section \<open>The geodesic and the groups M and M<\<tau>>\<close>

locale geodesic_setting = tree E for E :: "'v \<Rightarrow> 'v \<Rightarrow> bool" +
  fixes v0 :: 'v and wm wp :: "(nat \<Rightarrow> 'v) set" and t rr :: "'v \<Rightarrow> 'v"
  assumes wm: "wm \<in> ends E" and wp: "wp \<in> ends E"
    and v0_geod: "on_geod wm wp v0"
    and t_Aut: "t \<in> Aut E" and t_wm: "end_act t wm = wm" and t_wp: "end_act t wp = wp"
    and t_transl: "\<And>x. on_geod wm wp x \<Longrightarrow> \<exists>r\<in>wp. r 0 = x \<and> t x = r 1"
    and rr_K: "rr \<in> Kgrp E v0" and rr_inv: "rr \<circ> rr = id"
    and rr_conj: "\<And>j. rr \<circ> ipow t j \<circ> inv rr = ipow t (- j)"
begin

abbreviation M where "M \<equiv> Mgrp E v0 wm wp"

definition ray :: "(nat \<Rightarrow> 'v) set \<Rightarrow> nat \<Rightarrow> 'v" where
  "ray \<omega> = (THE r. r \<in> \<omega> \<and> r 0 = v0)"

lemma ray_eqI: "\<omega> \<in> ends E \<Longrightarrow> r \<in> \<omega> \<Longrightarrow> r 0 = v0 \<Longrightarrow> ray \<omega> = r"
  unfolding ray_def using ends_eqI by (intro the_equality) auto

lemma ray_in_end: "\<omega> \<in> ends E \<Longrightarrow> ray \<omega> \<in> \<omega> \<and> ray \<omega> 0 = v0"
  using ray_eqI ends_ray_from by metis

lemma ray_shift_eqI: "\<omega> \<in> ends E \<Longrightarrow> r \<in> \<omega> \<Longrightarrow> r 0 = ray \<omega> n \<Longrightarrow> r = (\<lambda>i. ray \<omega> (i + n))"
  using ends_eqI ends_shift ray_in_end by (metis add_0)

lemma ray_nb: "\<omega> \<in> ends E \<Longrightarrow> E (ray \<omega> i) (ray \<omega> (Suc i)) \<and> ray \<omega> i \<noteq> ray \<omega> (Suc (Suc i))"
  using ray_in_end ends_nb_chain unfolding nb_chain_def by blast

◆ ◆ ◆ ◆ ◆

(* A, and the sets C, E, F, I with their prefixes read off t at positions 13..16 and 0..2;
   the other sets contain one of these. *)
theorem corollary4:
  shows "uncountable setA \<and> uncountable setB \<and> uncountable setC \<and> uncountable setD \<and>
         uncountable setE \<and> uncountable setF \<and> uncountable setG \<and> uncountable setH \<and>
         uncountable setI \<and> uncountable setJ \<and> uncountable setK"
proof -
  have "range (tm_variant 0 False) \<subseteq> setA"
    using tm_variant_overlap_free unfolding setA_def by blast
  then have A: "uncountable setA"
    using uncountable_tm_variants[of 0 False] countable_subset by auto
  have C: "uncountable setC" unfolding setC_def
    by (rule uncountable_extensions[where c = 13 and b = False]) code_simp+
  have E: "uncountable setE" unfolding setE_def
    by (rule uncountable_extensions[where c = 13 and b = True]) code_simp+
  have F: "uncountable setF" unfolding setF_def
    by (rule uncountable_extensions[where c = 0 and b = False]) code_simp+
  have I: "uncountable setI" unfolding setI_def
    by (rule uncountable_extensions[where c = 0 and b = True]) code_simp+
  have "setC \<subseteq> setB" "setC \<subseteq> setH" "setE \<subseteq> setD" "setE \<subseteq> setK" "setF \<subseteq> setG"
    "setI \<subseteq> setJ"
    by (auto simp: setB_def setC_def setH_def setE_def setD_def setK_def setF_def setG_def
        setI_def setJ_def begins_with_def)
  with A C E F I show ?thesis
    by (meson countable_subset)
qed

◆ ◆ ◆ ◆ ◆

▶ [Requirement] Starting at the line with "using tm_variant_overlap_free unfolding" and ending at the line with "by (rule uncountable_extensions[where c = 13 and b = False])", print each line of the listing above exactly, with no other lines.

▶ [Problem solution]
    using tm_variant_overlap_free unfolding setA_def by blast
  then have A: "uncountable setA"
    using uncountable_tm_variants[of 0 False] countable_subset by auto
  have C: "uncountable setC" unfolding setC_def
    by (rule uncountable_extensions[where c = 13 and b = False]) code_simp+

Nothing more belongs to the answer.